That's a very cool deployment method to just use rsync like that! Simple and very composable.

And now I feel self-conscious about my pile of AWS and Docker!

[+] wanderr|4 years ago|reply

Grooveshark didn't use any of that. We were very careful about avoiding dependencies where possible and keeping our backend code clean and performant. We supported about 45M MAU at our biggest, with only a handful of physical servers. I'm not aware of any blog posts we made detailing any of this, though. And if you're not familiar with the saga, Grooveshark went under for legal, not technical reasons. The backend API was powered by nginx, PHP, MySQL, memcache, with a realtime messaging server built in Go. We used Redis and Mongodb for some niche things, had serious issues with both which is understandable because they were both immature at the time, but Mongodb's data loss problems were bad enough that I would still not use them today.

That said, I'm using Docker for my current side project. Even if it never runs at scale, I just don't want to have to muck around with system administration, not to mention how nice it is to have dev and prod be identical.

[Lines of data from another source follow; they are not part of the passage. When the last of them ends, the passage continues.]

lemma gen_assignment_closed: "gen_assignment G d b n j \<in> carrier (G n)"
proof (cases "j \<in> {1..n}")
  case True
  then obtain t k where "j = Suc t" and "n = Suc (k + t)"
    by (rule interval_index_cases)
  then show ?thesis
    using gen_image_closed [of t k] by (auto simp: gen_assignment_def gen_value_def)
next
  case False
  then show ?thesis
    using monoid.one_closed [OF group.is_monoid [OF group [of n]]] by (auto simp: gen_assignment_def)
qed

lemma eval_gen_assignment:
  assumes "j \<in> {1..n}"
  shows "eval_word (G n) (gen_assignment G d b n) (gen j) = gen_value d b n j"
proof -
  have "gen_assignment G d b n j = gen_value d b n j"
    using assms by (simp add: gen_assignment_def)
  then show ?thesis
    using group.eval_word_gen [OF group, of "gen_assignment G d b n" j, OF gen_assignment_closed] by simp
qed

lemma eval_Fd_letter:
  assumes j: "j \<in> {1..n}" and i: "i \<le> Suc n"
  shows "eval_word (G (Suc n)) (gen_assignment G d b (Suc n)) (Fd_letter n i j) = d n i (gen_value d b n j)"
proof -
  obtain t k where j_eq: "j = Suc t" and n_eq: "n = Suc (k + t)"
    using j by (rule interval_index_cases)
  consider "i \<le> t" | "i = Suc t" | "Suc t < i"
    by linarith
  then show ?thesis
  proof cases
    case 1
    then have "Fd_letter n i j = gen (Suc j)"
      using j_eq n_eq by (simp add: Fd_letter_def)
    then show ?thesis
      using 1 j n_eq j_eq coface_gen_image_low [of i t k]
      by (simp add: eval_gen_assignment gen_value_def)
  next
    case 2
    then have "Fd_letter n i j = [(j, True), (Suc j, True)]"
      using j_eq n_eq by (simp add: Fd_letter_def)
    then show ?thesis
      using 2 j n_eq j_eq coface_gen_image_mid [of k t] gen_image_closed [of "Suc t" k]
      by (simp add: eval_letter_def gen_assignment_def gen_value_def monoid.r_one [OF group.is_monoid [OF group]])
  next
    case 3
    then have "Fd_letter n i j = gen j"
      using j_eq by (simp add: Fd_letter_def)
    then show ?thesis
      using 3 i j n_eq j_eq coface_gen_image_high [of t i k]
      by (simp add: eval_gen_assignment gen_value_def)
  qed
qed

[+] brimble|4 years ago|reply

> That said, I'm using Docker for my current side project. Even if it never runs at scale, I just don't want to have to muck around with system administration, not to mention how nice it is to have dev and prod be identical.

This is why I use docker, at work and for my own stuff. No longer having to give a shit whether the hosting server is LTS or latest-release is wonderful. I barely even have to care which distro it is. Much faster and easier than doing something similar with scripted-configuration VMs, plus the hit to performance is much lower.

[+] turkeywelder|4 years ago|reply

I miss Grooveshark so much - Licensing issues aside it was one of the best UIs for music ever. I'd love to hear more stories about the backend

[+] Aachen|4 years ago|reply

Man I miss Grooveshark still today. Spotify is okay but still a step down. Needing billion-dollar licensing schemes to even get started makes this such a hard market to actually get into and provide a competitively superior experience.

[+] mhitza|4 years ago|reply

What a great service. I'd be curious if you could go into details how the radio feature worked back then, because I found myself receiving worse suggestions when I used similar features in Spotify/Google Play Music.

[+] hungryforcodes|4 years ago|reply

Groove shark was the best.

[+] hexfish|4 years ago|reply

Thanks for giving some insight into this. Grooveshark was absolutely great!

[+] jimbob45|4 years ago|reply

I miss Grooveshark to this day. Thanks for building such an excellent product!

[+] pineconewarrior|4 years ago|reply

I loved Grooveshark! thanks for your work

[+] maxk42|4 years ago|reply

Back in 2010 I built and operated MySpace' analytics system on 14 EC2 instances. Handled 30 billion writes per day. Later I was involved in ESPN's streaming service which handled several million concurrent connections with VMs but no containers. More recently I ran an Alexa top 2k website (45 million visitors per month) off of a single container-free EC2 insurance. Then I spent two years working for a streaming company that used k8s + containers and would fall over of it had more than about 60 concurrent connections per EC2 instance. K8s + docker is much heavier than advertised.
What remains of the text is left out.